Жерму почудился крик. Он напряг слух. И правда, поблизости кричали. Или стонали. Должно быть, громко, раз он это услышал. Жерм сделал пару шагов, и увидел, кто. Железно-стеклянная искорёженная конструкция, которая недавно была вращающейся дверью, застряла в куче обломков бетона, переломившись пополам. Внутри находилась девушка. Глаза её были закрыты, но она пошевелилась и издала ещё один громкий, булькающий хрип, от которого у Жерма тошнота подползла к горлу. Девушка лежала за стеклом, словно в прозрачном гробу. Губы её налились синевой, дыхание было частым и неровным. А в остальном она выглядела неплохо выше пояса, если не считать кровавых следов на одежде и стёклах. Но взгляд Жерма скользнул ниже и уткнулся в пятно белого цвета – видимо, кость – там, где её совсем не должно было быть. А рядом – дышащая, кровавая, шевелящаяся субстанция. Жерм стиснул зубы, чтобы не вырвало. Он видел, сколько крови вытекло вниз, на бетон. Девушку уже точно было не спасти. И где же, в конце концов, были медицинские дроны?
Жерму захотелось подойти и взять умирающую за руку. Он даже мог это сделать – в стекле было кривое отверстие в районе её локтя. Но Жерм стоял в странном оцепенении и не двигался с места.
Внезапно в воздухе появился дрон – блестящий моргающий огоньками металлический эллипсоид. Он завис над девушкой и начал произносить успокаивающие слова, сканируя тело своими лазерами. Но это было уже не важно.
Жерм почувствовал, как вздрогнул грунт под ногами. Он поднял взгляд и увидел, что огромная бетонная конструкция, которая ещё недавно была высотным зданием, кренится и падает прямо на него. На них, выживших ненадолго. «Вот и всё», – успел подумать Жерм.
Всё это неправда. Всё было совсем не так. Это просто картина, которую я вообразил в своей голове. Правда, с некоторых пор я знаю, что фантазии – это нечто вполне материальное, но речь сейчас совсем не об этом.
Я привык к боли, крови, смертям. Я много их встречал в жизни. И, когда читаешь на огромном экране сообщения о том, что на Гнате произошёл теракт, видишь страшные кадры и испуганных людей, в памяти всплывают другие погибшие, другая боль. Воображение рисует картины. Или, скорее, сны. Конечно, со временем боль притупляется, и, когда это осознаёшь, иногда вызываешь сам у себя отвращение.
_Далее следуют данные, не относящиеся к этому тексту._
(* Let $\Bbbk$ be a field and let $n,k$ be integers with $1 < k < n$. For each subset $I\subseteq\{0,\ldots,n\}$ of size $k+1$, let $\mathbb{P}^k_I$ be a copy of $\mathbb{P}^k$ with homogeneous coordinates $(x^I_j)_{j\in I}$, and let $U\subset \prod_I \mathbb{P}^k_I$ be the set of points $(P_I)_I$ all of whose coordinates $x^I_j$ are nonzero. Let $V\subseteq U$ be the set of $(P_I)_I\in U$ for which there exists a point $P=(x_0:\cdots:x_n)\in\mathbb{P}^n$ with $P_I = (x_j)_{j\in I}$ (as a point of $\mathbb{P}^k_I$) for every $I$. Let $M_{n,k}$ be the partially specified $\binom{n+1}{k+1}\times(n+1)$ matrix with rows indexed by the subsets $I$ and columns indexed by $j\in\{0,\ldots,n\}$, whose $(I,j)$ entry is $x^I_j$ if $j\in I$ and is unspecified otherwise. Then $V$ is the set of points of $U$ at which all $2\times 2$ minors of $M_{n,k}$ containing no unspecified entries vanish, i.e. the set of $(P_I)_I\in U$ such that \[ x^I_i x^J_j - x^I_j x^J_i = 0 \] for all subsets $I,J$ of size $k+1$ and all $i,j\in I\cap J$.
   Context: $\mathbb{P}^m$ denotes projective $m$-space over $\Bbbk$, points written in homogeneous coordinates up to a common nonzero scalar. For $I=\{i_0<\cdots<i_k\}$, the projection $\pi_I\colon\mathbb{P}^n\dashrightarrow\mathbb{P}^k$, $(x_0:\cdots:x_n)\mapsto(x_{i_0}:\cdots:x_{i_k})$, is the projection of $\mathbb{P}^n$ onto the coordinate subspace $\langle I\rangle=\{x_j=0 \text{ for } j\notin I\}$; $V$ is the intersection of $U$ with the image of the rational map $\mathbb{P}^n\dashrightarrow\prod_I\mathbb{P}^k_I$ whose components are the $\pi_I$. Geometrically, a point of $U$ is a choice of a point in (the span of) each $k$-dimensional face of the coordinate $n$-simplex, and $V$ is the locus where these are all projections of one point of $\mathbb{P}^n$. *)

theory Defs
  imports Main
begin

definition faces :: "nat \<Rightarrow> nat \<Rightarrow> nat set set" where
  "faces n k = {I. I \<subseteq> {0..n} \<and> card I = k + 1}"

text \<open>A point (P_I)_I of the product of the P^k_I is given by a family of
  homogeneous coordinate vectors x I :: nat \<Rightarrow> 'a (only the entries x I j with
  j in I matter).\<close>
definition proj_eq :: "nat set \<Rightarrow> (nat \<Rightarrow> 'a::field) \<Rightarrow> (nat \<Rightarrow> 'a) \<Rightarrow> bool" where
  "proj_eq S u v \<longleftrightarrow> (\<exists>c. c \<noteq> 0 \<and> (\<forall>j\<in>S. u j = c * v j))"

text \<open>U: all coordinates x^I_j nonzero (this also makes each x I a valid
  homogeneous coordinate vector, i.e. not identically zero).\<close>
definition U_set :: "nat \<Rightarrow> nat \<Rightarrow> (nat set \<Rightarrow> nat \<Rightarrow> 'a::field) set" where
  "U_set n k = {x. \<forall>I\<in>faces n k. \<forall>j\<in>I. x I j \<noteq> 0}"

definition V_set :: "nat \<Rightarrow> nat \<Rightarrow> (nat set \<Rightarrow> nat \<Rightarrow> 'a::field) set" where
  "V_set n k = {x \<in> U_set n k. \<exists>p::nat \<Rightarrow> 'a. (\<exists>j\<le>n. p j \<noteq> 0) \<and>
                   (\<forall>I\<in>faces n k. proj_eq I (x I) p)}"

end

theory Submission
  imports Defs
begin

text \<open>The vanishing minors say that each ratio \<open>x\<^sup>I\<^sub>i / x\<^sup>I\<^sub>j\<close> does not depend on the
  face \<open>I \<ni> i, j\<close>.  Since \<open>k \<ge> 2\<close>, any three indices \<open>0, i, j\<close> lie in a common
  face; hence \<open>p\<^sub>j := x\<^sup>I\<^sub>j / x\<^sup>I\<^sub>0\<close> (for any face \<open>I \<ni> 0, j\<close>) is well defined, and
  every \<open>P\<^sub>I\<close> is the projection of \<open>p\<close>.\<close>

lemma proj_eq_cross_mult:
  assumes "proj_eq S u w" "proj_eq T v w" "i \<in> S \<inter> T" "j \<in> S \<inter> T"
  shows "u i * v j = u j * v i"
proof -
  obtain c d where "\<forall>l\<in>S. u l = c * w l" "\<forall>l\<in>T. v l = d * w l"
    using assms(1,2) unfolding proj_eq_def by blast
  then show ?thesis
    using assms(3,4) by (simp add: algebra_simps)
qed

lemma proj_eqI_cross_mult:
  assumes u_nonzero: "\<And>j. j \<in> S \<Longrightarrow> u j \<noteq> 0"
    and v_nonzero: "\<And>j. j \<in> S \<Longrightarrow> v j \<noteq> 0"
    and minors: "\<And>i j. i \<in> S \<Longrightarrow> j \<in> S \<Longrightarrow> u i * v j = u j * v i"
  shows "proj_eq S u v"
proof (cases "S = {}")
  case True
  then show ?thesis
    unfolding proj_eq_def by (intro exI[of _ 1]) simp
next
  case False
  then obtain j0 where j0: "j0 \<in> S"
    by blast
  show ?thesis
    unfolding proj_eq_def
  proof (intro exI[of _ "u j0 / v j0"] conjI ballI)
    show "u j0 / v j0 \<noteq> 0"
      using j0 u_nonzero v_nonzero by simp
  next
    fix j assume "j \<in> S"
    then show "u j = u j0 / v j0 * v j"
      using minors[OF \<open>j \<in> S\<close> j0] v_nonzero[OF j0] by (simp add: field_simps)
  qed
qed

lemma ex_common_proj_point:
  fixes x :: "nat set \<Rightarrow> nat \<Rightarrow> 'a::field" and \<F> :: "nat set set" and b :: nat
  assumes nonzero: "\<And>I j. I \<in> \<F> \<Longrightarrow> j \<in> I \<Longrightarrow> x I j \<noteq> 0"
    and minors: "\<And>I J i j. I \<in> \<F> \<Longrightarrow> J \<in> \<F> \<Longrightarrow> i \<in> I \<inter> J \<Longrightarrow> j \<in> I \<inter> J \<Longrightarrow>
        x I i * x J j = x I j * x J i"
    and triples: "\<And>I j j'. I \<in> \<F> \<Longrightarrow> j \<in> I \<Longrightarrow> j' \<in> I \<Longrightarrow> \<exists>G\<in>\<F>. {b, j, j'} \<subseteq> G"
  shows "\<exists>p. (\<forall>I\<in>\<F>. \<forall>j\<in>I. p j \<noteq> 0) \<and> (\<forall>I\<in>\<F>. proj_eq I (x I) p)"
proof -
  define F where "F j = (SOME G. G \<in> \<F> \<and> b \<in> G \<and> j \<in> G)" for j
  define p where "p j = x (F j) j / x (F j) b" for j
  have p_ratio: "p j = x G j / x G b" if G: "G \<in> \<F>" "b \<in> G" "j \<in> G" for G j
  proof -
    have F: "F j \<in> \<F> \<and> b \<in> F j \<and> j \<in> F j"
      unfolding F_def by (rule someI[of _ G]) (use G in blast)
    have "x (F j) j * x G b = x (F j) b * x G j"
      using minors[of "F j" G j b] F G by simp
    moreover have "x (F j) b \<noteq> 0" "x G b \<noteq> 0"
      using nonzero F G by blast+
    ultimately show ?thesis
      unfolding p_def by (simp add: field_simps)
  qed
  have p_nonzero: "\<forall>I\<in>\<F>. \<forall>j\<in>I. p j \<noteq> 0"
  proof (intro ballI)
    fix I j assume "I \<in> \<F>" "j \<in> I"
    then obtain G where G: "G \<in> \<F>" "b \<in> G" "j \<in> G"
      using triples[of I j j] by auto
    then show "p j \<noteq> 0"
      using p_ratio[OF G] nonzero[OF G(1)] by simp
  qed
  have "proj_eq I (x I) p" if I: "I \<in> \<F>" for I
  proof (rule proj_eqI_cross_mult)
    fix j j' assume j: "j \<in> I" "j' \<in> I"
    then obtain G where G: "G \<in> \<F>" "b \<in> G" "j \<in> G" "j' \<in> G"
      using triples[OF I j] by auto
    have "x I j * p j' = x I j * x G j' / x G b"
      using p_ratio[OF G(1,2,4)] by simp
    also have "\<dots> = x I j' * x G j / x G b"
      using minors[of I G j j'] I j G by simp
    also have "\<dots> = x I j' * p j"
      using p_ratio[OF G(1,2,3)] by simp
    finally show "x I j * p j' = x I j' * p j" .
  next
    show "x I j \<noteq> 0" "p j \<noteq> 0" if "j \<in> I" for j
      using that I nonzero p_nonzero by blast+
  qed
  with p_nonzero show ?thesis
    by blast
qed

lemma faces_subset: "I \<in> faces n k \<Longrightarrow> I \<subseteq> {0..n}"
  unfolding faces_def by blast

lemma faces_extend:
  assumes "A \<subseteq> {0..n}" "card A \<le> k + 1" "k \<le> n"
  shows "\<exists>I\<in>faces n k. A \<subseteq> I"
proof -
  have "finite A"
    using assms(1) finite_subset by blast
  then have "card ({0..n} - A) = n + 1 - card A"
    using assms(1) by (simp add: card_Diff_subset)
  then obtain B where B: "B \<subseteq> {0..n} - A" "card B = k + 1 - card A"
    using assms by (metis obtain_subset_with_card_n add_le_mono1 diff_le_mono)
  have "card (A \<union> B) = card A + card B"
    using B(1) \<open>finite A\<close> by (intro card_Un_disjoint) (auto intro: finite_subset)
  then have "A \<union> B \<in> faces n k"
    using B assms unfolding faces_def by auto
  then show ?thesis
    by blast
qed

lemma faces_cover_triple:
  assumes "2 \<le> k" "k \<le> n" "i \<le> n" "j \<le> n" "l \<le> n"
  shows "\<exists>G\<in>faces n k. {i, j, l} \<subseteq> G"
proof (rule faces_extend)
  have "card {i, j, l} \<le> 3"
    by (simp add: card_insert_if)
  then show "card {i, j, l} \<le> k + 1"
    using assms(1) by simp
qed (use assms in auto)

definition minor_locus :: "nat \<Rightarrow> nat \<Rightarrow> (nat set \<Rightarrow> nat \<Rightarrow> 'a::field) set" where
  "minor_locus n k = {x \<in> U_set n k. \<forall>I\<in>faces n k. \<forall>J\<in>faces n k. \<forall>i\<in>I \<inter> J. \<forall>j\<in>I \<inter> J.
      x I i * x J j - x I j * x J i = 0}"

lemma V_set_subset_minor_locus: "V_set n k \<subseteq> minor_locus n k"
proof
  fix x assume "x \<in> V_set n k"
  then obtain p where U: "x \<in> U_set n k" and proj: "\<forall>I\<in>faces n k. proj_eq I (x I) p"
    unfolding V_set_def by blast
  show "x \<in> minor_locus n k"
    unfolding minor_locus_def
  proof (safe intro!: U)
    fix I J i j assume "I \<in> faces n k" "J \<in> faces n k" "i \<in> I" "i \<in> J" "j \<in> I" "j \<in> J"
    then show "x I i * x J j - x I j * x J i = 0"
      using proj_eq_cross_mult[of I "x I" p J "x J"] proj by simp
  qed
qed

lemma minor_locus_subset_V_set:
  assumes "2 \<le> k" "k \<le> n"
  shows "minor_locus n k \<subseteq> V_set n k"
proof
  fix x :: "nat set \<Rightarrow> nat \<Rightarrow> 'a"
  assume "x \<in> minor_locus n k"
  then have U: "x \<in> U_set n k"
    and minors: "\<And>I J i j. I \<in> faces n k \<Longrightarrow> J \<in> faces n k \<Longrightarrow>
        i \<in> I \<inter> J \<Longrightarrow> j \<in> I \<inter> J \<Longrightarrow> x I i * x J j = x I j * x J i"
    unfolding minor_locus_def by auto
  have nonzero: "x I j \<noteq> 0" if "I \<in> faces n k" "j \<in> I" for I j
    using U that unfolding U_set_def by blast
  have triples: "\<exists>G\<in>faces n k. {0, j, j'} \<subseteq> G" if "I \<in> faces n k" "j \<in> I" "j' \<in> I"
    for I j j'
  proof (rule faces_cover_triple[OF assms])
    show "0 \<le> n" "j \<le> n" "j' \<le> n"
      using faces_subset[OF that(1)] that(2,3) by auto
  qed
  have "\<exists>p. (\<forall>I\<in>faces n k. \<forall>j\<in>I. p j \<noteq> 0) \<and> (\<forall>I\<in>faces n k. proj_eq I (x I) p)"
    by (rule ex_common_proj_point) (fact nonzero minors triples)+
  then obtain p where p_nonzero: "\<forall>I\<in>faces n k. \<forall>j\<in>I. p j \<noteq> 0"
    and proj: "\<forall>I\<in>faces n k. proj_eq I (x I) p"
    by blast
  obtain G where "G \<in> faces n k" "0 \<in> G"
    using faces_cover_triple[OF assms, of 0 0 0] by auto
  then have "p 0 \<noteq> 0"
    using p_nonzero by blast
  with U proj show "x \<in> V_set n k"
    unfolding V_set_def by blast
qed

theorem mainTheorem2:
  fixes n k :: nat
  assumes "1 < k" and "k < n"
  shows "(V_set n k :: (nat set \<Rightarrow> nat \<Rightarrow> 'a::field) set) =
    {x \<in> U_set n k. \<forall>I\<in>faces n k. \<forall>J\<in>faces n k. \<forall>i\<in>I \<inter> J. \<forall>j\<in>I \<inter> J.
        x I i * x J j - x I j * x J i = 0}"
proof -
  have "V_set n k = (minor_locus n k :: (nat set \<Rightarrow> nat \<Rightarrow> 'a) set)"
  proof (rule subset_antisym)
    show "V_set n k \<subseteq> minor_locus n k"
      by (rule V_set_subset_minor_locus)
    show "minor_locus n k \<subseteq> V_set n k"
      using assms by (intro minor_locus_subset_V_set) simp_all
  qed
  then show ?thesis
    unfolding minor_locus_def .
qed

end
А вот что никогда, наверно, не притупится, не ослабнет – это своя собственная боль, свои собственные чувства. В моём случае скорее наоборот, они будут становиться всё сильнее, всё мучительнее. Я тут в собственном кошмаре, на этой жаркой и душной планете Ибертао, посреди космопорта, одну стену которого занимает огромный экран, передающий новости. Лучше бы вместо этой стены они поставили большущий вентилятор. Он крутился бы, как бешеный, и рубил насекомых в мясо. С хрустом. И этот хруст резал бы мне уши, а я б еле терпел… Так. Надо успокоиться. Я опять несу непонятно что.